# My backyard visitors



## michbird (Jul 5, 2007)

I thought I would share some of my backyard visitors with everyone here  
http://ImageEvent.com/heartyart1/beads
I hope you enjoy them as much as I do!


----------



## Reti (Jul 20, 2003)

Wonderful pics!!!!. I so enjoyed them.
You have a great variety of birds visiting your backyard, you're so lucky.

Reti


----------



## Charis (Feb 11, 2007)

Lovely pictures, Mari. 
You have a beautiful piece of property.
Let me know if you need a roomate.


----------



## michbird (Jul 5, 2007)

Thank you, Reti, Charis  They are all such great company in the summer, though with so many heading out for the winter, I tend to go through that "empty nest syndrome".
Sure, Charis, I've got extra rooms here, kids are all on their own ....From what it sounds like, I will need someone to do loft cleaning daily when I'm all set up - ah ha ha ha!  *halo fades momentarily*


----------



## NitaS (May 26, 2007)

Mari, you sure have a nice place for your feathered friends. Doesn't it just seem to make all the problems go away watching them?
I started putting a feeder in my back yard again this year. Hadn't had one for several years and now I realized how much I enjoyed watching the different birds come in!
I also have several chipmunks, a mom and baby red-tailed squirrel and a gray squirrel!
Nita


----------



## michbird (Jul 5, 2007)

NitaS said:


> Mari, you sure have a nice place for your feathered friends. Doesn't it just seem to make all the problems go away watching them?I started putting a feeder in my back yard again this year. Hadn't had one for several years and now I realized how much I enjoyed watching the different birds come in!
> I also have several chipmunks, a mom and baby red-tailed squirrel and a gray squirrel!
> Nita


It sure does, Nita- I don't know what I would do without my birds 
I haven't seen a gray squirrel in quite some time- How lucky you are!


----------



## Maggie-NC (Jun 22, 2005)

Mari, I enjoyed your pictures very much. I have never seen an oriole in our area. We used to have a rose breasted grosbeak but I haven't seen one in many years.

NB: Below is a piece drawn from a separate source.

(* Let $(V_1,V_2)$ be a pair of commuting isometries on a Hilbert space $\mathcal H$ with $C(V_1,V_2)=0$ and $\ker (V_1V_2)^*\neq\{0\}$. Let $(\mathcal E,P,U)$ be the BCL triple for $(V_1,V_2)$ with associated functions $\varphi_1,\varphi_2$, and let $U_1=U|_{\operatorname{ran}P}$, $U_2=U|_{\operatorname{ran}P^\perp}$ (these subspaces reduce $U$). Then for $z\in\mathbb D$, $$\sigma(\varphi_1(z),\varphi_2(z))=\begin{cases}\{(z\overline{\lambda},\lambda):\lambda\in\sigma(U_1)\}&\text{if }V_2\text{ is a unitary},\\ \{(\overline{\mu},z\mu):\mu\in\sigma(U_2)\}&\text{if }V_1\text{ is a unitary},\\ \{(z\overline\lambda,\lambda),(\overline\mu,z\mu):\lambda\in\sigma(U_1),\ \mu\in\sigma(U_2)\}&\text{otherwise.}\end{cases}$$ For every point $(z_1,z_2)$ in this joint spectrum, the non-singularity of the Koszul complex of $(\varphi_1(z)-z_1I,\varphi_2(z)-z_2I)$ breaks at stage 3.
   Context: Defect operator: $C(V_1,V_2)=I-V_1V_1^*-V_2V_2^*+V_1V_2V_2^*V_1^*$. Given a Hilbert space $\mathcal E$, a projection $P$ and unitary $U$ on $\mathcal E$, set $P^\perp=I-P$, $\varphi_1(z)=U^*(P^\perp+zP)$, $\varphi_2(z)=(P+zP^\perp)U$ ($z\in\mathbb D$). Berger–Coburn–Lebow theorem: for commuting isometries $(V_1,V_2)$ on $\mathcal H$, $\mathcal H=\mathcal H_p\oplus\mathcal H_u$ (jointly reducing), $V_i|_{\mathcal H_u}$ commuting unitaries, and there is a triple $(\mathcal E,P,U)$, unique up to unitary equivalence, with $(V_1|_{\mathcal H_p},V_2|_{\mathcal H_p})$ unitarily equal to the multiplication operators $(M_{\varphi_1},M_{\varphi_2})$ on the Hardy space $H^2_{\mathbb D}(\mathcal E)$ ($\mathcal E\cong\ker(V_1V_2)^*$); this is the BCL triple. Koszul complex of commuting $T_1,T_2$ on $\mathcal H$: $0\to\mathcal H\xrightarrow{\delta_1}\mathcal H\oplus\mathcal H\xrightarrow{\delta_2}\mathcal H\to0$, $\delta_1h=(T_1h,T_2h)$, $\delta_2(h_1,h_2)=T_1h_2-T_2h_1$; $\sigma(T_1,T_2)$ is the Taylor joint spectrum (points where the complex of $(T_1-\lambda_1,T_2-\lambda_2)$ is not exact); breaking at stage 3 means $\operatorname{ran}(T_1-\lambda_1)+\operatorname{ran}(T_2-\lambda_2)\neq\mathcal H$. *)

theory Defs
  imports "HOL-Analysis.Analysis"
begin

I am really interested in your extender for the bluebird house. We need to try that because even though we love our crow family dearly they do try to get the eggs/babies out of the nest. You may enjoy one adventure we had a couple of years ago with a snake and our bluebirds.

http://www.pigeons.biz/forums/showpost.php?p=75613&postcount=1


----------



## Pigeon lower (Oct 23, 2007)

we have had loads of nest aroound here 1 sparrow nest in the motor home threw the top 5 babys,1 blue jays nest under the hitch of a trailor its a cap over 4 babys..1 sparrow in my pigeon coop took them out because they were attacking my birds he go in threw the window lol he can slide under it 4 eggs,1 more birds nest in my other pigeon coop no eggs just nestings, and one in my fruit stand 1 sparrow nest dunno what he has i can hear him moving around and babies squeaking and see some nesting straw, and for last 24 pairs of pigeons nest in the pigeon coop -.-


----------



## michbird (Jul 5, 2007)

Glad you enjoyed them, Maggie 
We are lucky enough to have an old overgrown apple/pear orchard in the back 40. This attracts alot of the Baltimore and Orchard orioles, though it isn't a necessity to get them to come. Try putting out orange halves- I always check the discounted stuff at the grocery. (I nailed a couple nails in a board half-way and just push them on- This is mounted on a pole. The feeders work really well too- Just be sure to change the nectar often.  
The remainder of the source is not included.